In 1753 Knapp was able to publish another collection. This one was entitled New Church Melody and was almost twice as large, with 43 items. His hit, ‘Wareham’, is there, but re-named ‘Blandford’ and with the rhythm changed from triple time to duple, which sounds as strange as ‘God Save The Queen’ would with only two beats to a bar. The tune labelled ‘Langton’ is actually the famous canon by Thomas Tallis, written two centuries earlier, but appropriation of other composers’ tunes was a common occurrence at the time: the tune ‘Weston Favel’ was named after a village in Northamptonshire – hardly Knapp’s territory – and became a favourite of the 18th-century American religious revivals, but it turns out to be Knapp’s own ‘Dorchester’ from his first book. The traditional Wyresdale Carol, sung for two centuries in rural Lancashire, is named ‘Leicester’ but is actually Knapp’s setting of ‘While Shepherds Watched Their Flocks’. In that non-digital, pre-broadcasting era, music travelled astonishing distances if it was good enough – and Knapp’s was. However, his bouncy rhythms and infectious jolliness were not stern enough for the Oxford Movement, who preferred the solemnity of Hymns Ancient and Modern, and the music of Knapp and his ilk faded into obscurity, apart from one-offs such as ‘Wareham’. It was not until the comparatively recent revivals by ‘West Gallery’ groups (referring to themselves as ‘quires’ to separate themselves from the ‘high’ choral tradition) that such music was heard again. This time round it is an antidote to the worst excesses of ‘happy-clappy’.

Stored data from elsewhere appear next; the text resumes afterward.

lemma nl_word_extend:
  assumes word: "nl_word M (1 # 2 # rest)" and "2 \<le> M" and ds: "admissible_schedule M ds"
  shows "nl_word (Suc M) ([1, 2] @ hub_word (Suc M) ds @ 1 # 2 # rest)"
proof -
  have m_off: "\<forall>d\<in>set ds. Suc M \<notin> spoke_pair d" and ds_M: "\<forall>d\<in>set ds. spoke_pair d \<subseteq> {1..M}"
    using ds by (fastforce simp: admissible_schedule_def)+
  have "successively (\<noteq>) ([1, 2] @ hub_word (Suc M) ds @ 1 # 2 # rest)"
  proof -
    have "successively (\<noteq>) (hub_word (Suc M) ds @ 1 # 2 # rest)"
      using word successively_hub_word[OF m_off] by (simp add: nl_word_def successively_append_iff)
    then show ?thesis using \<open>2 \<le> M\<close> by (subst successively_append_iff) (simp add: hd_append)
  qed
  moreover have "set ([1, 2] @ hub_word (Suc M) ds @ 1 # 2 # rest) \<subseteq> {1..Suc M}"
  proof -
    have "set (hub_word (Suc M) ds) \<subseteq> {1..Suc M}" unfolding set_hub_word using ds_M by fastforce
    then show ?thesis using word by (auto simp: nl_word_def)
  qed
  ultimately show ?thesis using distinct_traces_extend[OF assms] by (simp add: nl_word_def)
qed

section \<open>Sweeps through the old colours\<close>

definition far_partners :: "nat \<Rightarrow> nat \<Rightarrow> nat list" where
  "far_partners M x = (if x = 2 then [] else [1]) @ [x + 2..<M + 1]"

definition partners :: "nat \<Rightarrow> nat \<Rightarrow> nat list" where
  "partners M x = far_partners M x @ (if x < M then [x + 1] else [])"

definition excursions :: "nat \<Rightarrow> nat list \<Rightarrow> (nat \<times> nat \<times> nat) list" where
  "excursions x ys = map (\<lambda>y. (x, y, x)) ys"

text \<open>The pair \<open>{1, 2}\<close> is left out: it is the final hub pair, and as
  a spoke pair it would produce the trace \<open>(2, {1, m})\<close> of the start of the word.\<close>
fun sweep :: "nat \<Rightarrow> nat \<Rightarrow> nat \<Rightarrow> nat \<Rightarrow> (nat \<times> nat \<times> nat) list" where
  "sweep M j 0 x = excursions x (take j (partners M x))"
| "sweep M j (Suc d) x =
     excursions x (far_partners M x) @ [(x, x + 1, x + 1)] @ sweep M j d (x + 1) @ [(x + 1, x + 1, x)]"

text \<open>Each of the optional excursions \<open>(2, 2, 2)\<close> and \<open>(2, 1, 1)\<close> lengthens the block by two.\<close>
definition schedule :: "nat \<Rightarrow> nat \<Rightarrow> nat \<Rightarrow> nat \<Rightarrow> (nat \<times> nat \<times> nat) list" where
  "schedule M K j b =
     (if 1 \<le> b then [(2, 2, 2)] else []) @ sweep M j (K - 2) 2 @ (if b = 2 then [(2, 1, 1)] else [])"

The tablet erected in memory of Knapp in 1934 by the Society of Poole Men in St James’s Church, Poole (picture: The Society of Poole Men)

Knapp died in 1768, but no one knows where he is buried. There was no memorial to him until the Society of Poole Men erected a tablet to him in St James’s Church, Poole, in 1934. However, Henry Price, an old friend of Knapp’s, and a poet of some local repute – he was known by his contemporaries as ‘the Poet Laureate of Poole’ – is the probable author of the anonymous poem printed in the front of New Church Melody, which serves as a worthy epitaph for one of Dorset’s finest musicians:
Long as the Sun’s enliv’ning Glories shine,
So long shall last this Deathless Work of thine,
And future Worlds with one Consent agree,
Whene’er they sing to God, to mention thee.